La trasmissione è terminata.

Rovescio ciò che è rimasto nella busta sul tavolo, ora cosparso di frammenti di memoria. Ci sono alcune curiose annotazioni sulle partite di calcio disputate all’oratorio, si tratta di giudizi ma su me stesso, su come avevo giocato, valutazioni oneste devo ammettere, perché trovo difetti anche se ho segnato molti gol. Peccato che manchi la data. Ma credo si riferisca alla seconda metà degli anni Sessanta. Poi scorgo una testata, anno 1966, del “Corriere dei Piccoli” con le figurine dei calciatori che furono pubblicate in quell’anno; alcuni fogli di quaderno con elenchi di gare calcistiche e gli scarabocchi fatti mentre ascoltavo la radio. Un altro calendario, stagione 1972-73 e un paio di cassette, oltre a quella che ho ascoltato. Stock 84. Se la tua squadra del cuore ha vinto festeggia con Stock84, se ha perso consolati con Stock84. E se ha pareggiato? Sempre Stock84.
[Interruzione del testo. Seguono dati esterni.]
locale beta_twist =
  fixes Bg :: "'g::real_vector \<Rightarrow> 'g \<Rightarrow> 'g"
    and Bk :: "'k::real_vector \<Rightarrow> 'k \<Rightarrow> 'k"
    and \<pi> :: "'g \<Rightarrow> 'k \<Rightarrow> 'k"
    and \<beta> :: "'k \<Rightarrow> 'g"
    and lam :: real
  assumes lie_g: "lie_algebra Bg"
    and g_lie_k: "g_lie_algebra Bg Bk \<pi>"
    and linear_beta: "linear \<beta>"
    and beta_antisym: "\<And>x y. \<pi> (\<beta> x) y = - \<pi> (\<beta> y) x"
    and beta_invariant: "\<And>\<xi> x. \<beta> (\<pi> \<xi> x) = Bg \<xi> (\<beta> x)"
    and beta_equivalent: "\<And>x y z. lam *\<^sub>R \<pi> (\<beta> (Bk x y)) z = lam *\<^sub>R Bk (\<pi> (\<beta> x) y) z"
begin

lemma lie_k: "lie_algebra Bk"
  using g_lie_k by (simp add: g_lie_algebra_def)

lemma pi_hom: "\<pi> (Bg \<xi> \<eta>) x = \<pi> \<xi> (\<pi> \<eta> x) - \<pi> \<eta> (\<pi> \<xi> x)"
  using g_lie_k by (simp add: g_lie_algebra_def)

lemma pi_derivation: "\<pi> \<xi> (Bk x y) = Bk (\<pi> \<xi> x) y + Bk x (\<pi> \<xi> y)"
  using g_lie_k by (simp add: g_lie_algebra_def derivation_def)

lemma jacobi_k: "Bk x (Bk y z) + Bk y (Bk z x) + Bk z (Bk x y) = 0"
  using lie_k by (simp add: lie_algebra_def)

lemma skew_g: "Bg u v = - Bg v u"
  by (rule lie_algebra_skew[OF lie_g])

lemma skew_k: "Bk u v = - Bk v u"
  by (rule lie_algebra_skew[OF lie_k])

lemma linear_pi_left: "linear (\<lambda>\<xi>. \<pi> \<xi> x)"
  and linear_pi_right: "linear (\<pi> \<xi>)"
  and linear_Bk_right: "linear (Bk x)"
  and linear_Bk_left: "linear (\<lambda>x. Bk x y)"
  and linear_Bg_right: "linear (Bg \<xi>)"
  and linear_Bg_left: "linear (\<lambda>\<xi>. Bg \<xi> \<eta>)"
  using g_lie_k lie_k lie_g
  by (simp_all add: g_lie_algebra_def derivation_def lie_algebra_def)

lemmas bilinear_simps =
  linear_add[OF linear_pi_left, simplified] linear_diff[OF linear_pi_left, simplified]
  linear_scale[OF linear_pi_left, simplified] linear_neg[OF linear_pi_left, simplified]
  linear_add[OF linear_pi_right] linear_diff[OF linear_pi_right]
  linear_scale[OF linear_pi_right] linear_neg[OF linear_pi_right]
  linear_add[OF linear_Bk_right] linear_diff[OF linear_Bk_right]
  linear_scale[OF linear_Bk_right] linear_neg[OF linear_Bk_right]
  linear_add[OF linear_Bk_left, simplified] linear_diff[OF linear_Bk_left, simplified]
  linear_scale[OF linear_Bk_left, simplified] linear_neg[OF linear_Bk_left, simplified]
  linear_add[OF linear_Bg_right] linear_diff[OF linear_Bg_right]
  linear_scale[OF linear_Bg_right] linear_neg[OF linear_Bg_right]
  linear_add[OF linear_Bg_left, simplified] linear_diff[OF linear_Bg_left, simplified]
  linear_scale[OF linear_Bg_left, simplified] linear_neg[OF linear_Bg_left, simplified]
  linear_add[OF linear_beta] linear_diff[OF linear_beta]
  linear_scale[OF linear_beta] linear_neg[OF linear_beta]

abbreviation twisted :: "real \<Rightarrow> 'k \<Rightarrow> 'k \<Rightarrow> 'k" where
  "twisted s \<equiv> pm_bracket Bk \<pi> \<beta> lam s"

lemma beta_self: "\<pi> (\<beta> x) x = 0"
proof -
  have "\<pi> (\<beta> x) x + \<pi> (\<beta> x) x = 0"
    using beta_antisym[of x x] by (simp add: eq_neg_iff_add_eq_0)
  then show ?thesis by (metis scaleR_2 scaleR_eq_0_iff zero_neq_numeral)
qed

text \<open>The quadratic part of the twisted Jacobiator: the operators beta(x).\_
  satisfy a Jacobi-type cyclic identity, by (A), (I) and pi being a homomorphism.\<close>
lemma beta_action_cyclic:
  "\<pi> (\<beta> x) (\<pi> (\<beta> y) z) + \<pi> (\<beta> y) (\<pi> (\<beta> z) x) + \<pi> (\<beta> z) (\<pi> (\<beta> x) y) = 0"
proof -
  have second: "\<pi> (\<beta> y) (\<pi> (\<beta> z) x) = - \<pi> (\<beta> y) (\<pi> (\<beta> x) z)"
    by (subst beta_antisym) (simp add: bilinear_simps)
  have third: "\<pi> (\<beta> z) (\<pi> (\<beta> x) y) = - \<pi> (Bg (\<beta> x) (\<beta> y)) z"
    by (subst beta_antisym) (simp add: beta_invariant)
  show ?thesis by (simp add: second third pi_hom)
qed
Adesso una lacrimuccia scorre e so che si può anche piangere nel rivedere, attraverso ciò che ho conservato, il ragazzino che fui, nel ricordare l’impegno e la passione che mi impregnavano nell’età dell’innocenza. La confraternita della morte sarebbe arrivata molto più tardi. Ed io, allora, ero felice.    






2 commenti:

  1. beh, molto bello.



    Difficilmente mi "esalto" per il calcio - per il Toro sì, ma è un altra cosa - però apprezzo molto questo genere di "tuffi nel passato". Io in realtà ne faccio spessissimo, però... sono convinto che per me abbiano un valore diverso, e non lo dico in senso di superiorità. E' semplicemente che... è così, l'ho capito negli anni. Posso tornare ovunque, degli ultimi 23 anni, quasi senza errore. Ed uscirne indenne, se voglio, o in lacrime di gioia e di dolore, se lo voglio.
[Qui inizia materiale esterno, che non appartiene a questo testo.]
lemma sets_lebesgue_iff_outer_open:
  fixes A :: "'a::euclidean_space set"
  shows "A \<in> sets lebesgue \<longleftrightarrow>
    (\<forall>e>0. \<exists>V. open V \<and> A \<subseteq> V \<and> outer_measure_of lebesgue (V - A) < ennreal e)"
proof
  assume "A \<in> sets lebesgue"
  then show "\<forall>e>0. \<exists>V. open V \<and> A \<subseteq> V \<and> outer_measure_of lebesgue (V - A) < ennreal e"
    by (metis sets_lebesgue_outer_open fmeasurableD outer_measure_of_eq)
next
  assume "\<forall>e>0. \<exists>V. open V \<and> A \<subseteq> V \<and> outer_measure_of lebesgue (V - A) < ennreal e"
  then have "\<forall>n. \<exists>V. open V \<and> A \<subseteq> V \<and> outer_measure_of lebesgue (V - A) < ennreal (1 / Suc n)"
    by simp
  then obtain V where V: "\<And>n. open (V n)" "\<And>n. A \<subseteq> V n"
    "\<And>n. outer_measure_of lebesgue (V n - A) < ennreal (1 / Suc n)"
    by metis
  define W where "W = (\<Inter>n. V n)"
  have W: "W \<in> sets lebesgue" "A \<subseteq> W"
    using V(1,2) by (auto simp: W_def borel_open)
  have "outer_measure_of lebesgue (W - A) \<le> 0"
  proof (rule ennreal_le_epsilon)
    fix e :: real assume "0 < e"
    then obtain n where n: "1 / Suc n < e"
      by (metis nat_approx_posE)
    have "outer_measure_of lebesgue (W - A) \<le> outer_measure_of lebesgue (V n - A)"
      by (rule outer_measure_of_mono) (auto simp: W_def)
    also have "\<dots> \<le> ennreal e"
      using V(3)[of n] n by (meson ennreal_leI less_imp_le order.strict_trans2)
    finally show "outer_measure_of lebesgue (W - A) \<le> 0 + ennreal e"
      by simp
  qed
  moreover obtain B where "B \<in> sets lebesgue" "W - A \<subseteq> B"
    "outer_measure_of lebesgue (W - A) = emeasure lebesgue B"
    using outer_measure_of_attain[of "W - A" lebesgue] by auto
  ultimately have "W - A \<in> null_sets lebesgue"
    by (metis le_zero_eq null_setsI null_sets_completion_subset)
  then have "W - (W - A) \<in> sets lebesgue"
    using W(1) by auto
  moreover have "W - (W - A) = A"
    using W(2) by auto
  ultimately show "A \<in> sets lebesgue"
    by simp
qed

lemma set_nn_integral_lebesgue_eq_ennreal_iff:
  fixes f :: "'a::euclidean_space \<Rightarrow> real"
  assumes f: "set_borel_measurable lebesgue A f" "\<And>x. x \<in> A \<Longrightarrow> 0 \<le> f x" and "0 \<le> r"
  shows "(\<integral>\<^sup>+x\<in>A. ennreal (f x) \<partial>lebesgue) = ennreal r \<longleftrightarrow> (f has_integral r) A"
proof -
  define g where "g x = (if x \<in> A then f x else 0)" for x
  have "g \<in> borel_measurable lebesgue"
    using f(1) unfolding set_borel_measurable_def g_def
    by (rule measurable_cong[THEN iffD1, rotated]) (simp add: indicator_def)
  moreover have "(\<integral>\<^sup>+x. ennreal (g x) \<partial>lebesgue) = (\<integral>\<^sup>+x\<in>A. ennreal (f x) \<partial>lebesgue)"
    by (intro nn_integral_cong) (simp add: g_def indicator_def)
  moreover have "(f has_integral r) A \<longleftrightarrow> (g has_integral r) UNIV"
    unfolding g_def by (rule has_integral_restrict_UNIV[symmetric])
  moreover have "\<And>x. 0 \<le> g x"
    using f(2) by (simp add: g_def)
  ultimately show ?thesis
    using \<open>0 \<le> r\<close> by (simp add: has_integral_iff_nn_integral_lebesgue)
qed

lemma has_integral_iff_absolutely_integrable_nonneg:
  fixes f :: "'a::euclidean_space \<Rightarrow> real"
  assumes "\<And>x. x \<in> S \<Longrightarrow> 0 \<le> f x"
  shows "(f has_integral r) S \<longleftrightarrow> f absolutely_integrable_on S \<and> integral S f = r"
  using absolutely_integrable_on_iff_nonneg[of S f] assms by (auto simp: has_integral_iff)

section \<open>The exterior measure through the logarithm\<close>

lemma is_cover_exp_components:
  fixes U :: "real set"
  assumes U: "open U" "emeasure lebesgue U < \<infinity>"
  shows "is_cover ((\<lambda>C. (exp (Inf C), exp (Sup C))) ` components U) (exp ` U)"
  unfolding is_cover_def
proof (intro conjI)
  note Ioo = component_of_finite_measure_eq_Ioo[OF U]
  have "countable (components U)"
    by (rule countable_disjoint_open_subsets)
       (auto simp: open_components[OF U(1)] pairwise_def disjnt_def components_nonoverlap)
  then show "countable ((\<lambda>C. (exp (Inf C), exp (Sup C))) ` components U)"
    by simp
  show "\<forall>(a, b)\<in>(\<lambda>C. (exp (Inf C), exp (Sup C))) ` components U. 0 < a \<and> a < b"
    using Ioo(2) by auto
  show "exp ` U \<subseteq> (\<Union>(a, b)\<in>(\<lambda>C. (exp (Inf C), exp (Sup C))) ` components U. {a..b})"
  proof
    fix y assume "y \<in> exp ` U"
    then obtain x where "x \<in> U" "y = exp x"
      by blast
    then obtain C where C: "C \<in> components U" "x \<in> C"
      using Union_components[of U] by blast
    then have "Inf C < x" "x < Sup C"
      using Ioo(1)[OF C(1)] by (metis greaterThanLessThan_iff)+
    then have "y \<in> {exp (Inf C)..exp (Sup C)}"
      using \<open>y = exp x\<close> by simp
    with C(1) show "y \<in> (\<Union>(a, b)\<in>(\<lambda>C. (exp (Inf C), exp (Sup C))) ` components U. {a..b})"
      by blast
  qed
qed

lemma exp_image_open_cover:
  fixes U :: "real set"
  assumes U: "open U" "emeasure lebesgue U < \<infinity>"
  shows "\<exists>S. is_cover S (exp ` U) \<and> nu S \<le> ennreal (exp (measure lebesgue U))"
proof -
  define g where "g C = (exp (Inf C), exp (Sup C))" for C :: "real set"
  note Ioo = component_of_finite_measure_eq_Ioo[OF U]
  have "inj_on g (components U)"
  proof (rule inj_onI)
    fix C D assume C: "C \<in> components U" and D: "D \<in> components U" and "g C = g D"
    then have "Inf C = Inf D" "Sup C = Sup D"
      by (simp_all add: g_def)
    have "C = {Inf C<..<Sup C}"
      using Ioo(1)[OF C] .
    also have "\<dots> = {Inf D<..<Sup D}"
      by (simp only: \<open>Inf C = Inf D\<close> \<open>Sup C = Sup D\<close>)
    also have "\<dots> = D"
      using Ioo(1)[OF D] by (rule sym)
    finally show "C = D" .
  qed
  have "nu (g ` components U) \<le> ennreal (exp (measure lebesgue U))"
    unfolding nu_le_iff
  proof (intro allI impI)
    fix F assume "finite F \<and> F \<subseteq> g ` components U"
    then obtain F' where F': "F' \<subseteq> components U" "finite F'" "F = g ` F'"
      by (metis finite_subset_image)
    have "(\<Prod>I\<in>F. ennreal (ell I)) = (\<Prod>C\<in>F'. ennreal (ell (g C)))"
      using F'(3) inj_on_subset[OF \<open>inj_on g _\<close> F'(1)] by (simp add: prod.reindex)
    also have "\<dots> = (\<Prod>C\<in>F'. ennreal (exp (Sup C - Inf C)))"
      by (simp add: g_def ell_def exp_diff)
    also have "\<dots> = ennreal (exp (\<Sum>C\<in>F'. Sup C - Inf C))"
      using F'(2) by (simp add: prod_ennreal exp_sum)
    also have "\<dots> \<le> ennreal (exp (measure lebesgue U))"
      using sum_component_lengths_le_measure[OF U F'(1,2)] by (simp add: ennreal_leI)
    finally show "(\<Prod>I\<in>F. ennreal (ell I)) \<le> ennreal (exp (measure lebesgue U))" .
  qed
  moreover have "is_cover (g ` components U) (exp ` U)"
    unfolding g_def using U by (rule is_cover_exp_components)
  ultimately show ?thesis
    by blast
qed

lemma mu_e_le_exp_measure_open:
  fixes E T :: "real set"
  assumes E: "E \<subseteq> {0<..}" and T: "open T" "ln ` E \<subseteq> T" "emeasure lebesgue T < \<infinity>"
  shows "mu_e E \<le> ennreal (exp (measure lebesgue T))"
proof -
  obtain S where S: "is_cover S (exp ` T)" "nu S \<le> ennreal (exp (measure lebesgue T))"
    using exp_image_open_cover[OF T(1,3)] by blast
  have "E \<subseteq> exp ` T"
    using exp_ln_image[OF E] T(2) by blast
  with S(1) have "mu_e E \<le> nu S"
    by (blast intro: mu_e_le_nu[OF is_cover_subset])
  also have "\<dots> \<le> ennreal (exp (measure lebesgue T))"
    by (fact S(2))
  finally show ?thesis .
qed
    Hai visto "Cuori in Atlantide"? Con Antony Hopkins - il mito - da un libro di Stephen King? C'è una frase stupenda, anzi due:



    "[il primo bacio] sarà il bacio verso il quale confronterai tutti gli altri baci che darai nella tua vita, trovandoli inferiori"



    "E' curioso come, da piccoli, il trempo sembri non passare mai... lunghe giornate eterne... ora sembrano tutte volate via in un attimo"



    Dario

    RispondiElimina
  2. Come sono belle, le tue riflessioni! Mi piace moltissimo il tuo stile e mi piace anche il tuo mondo interiore.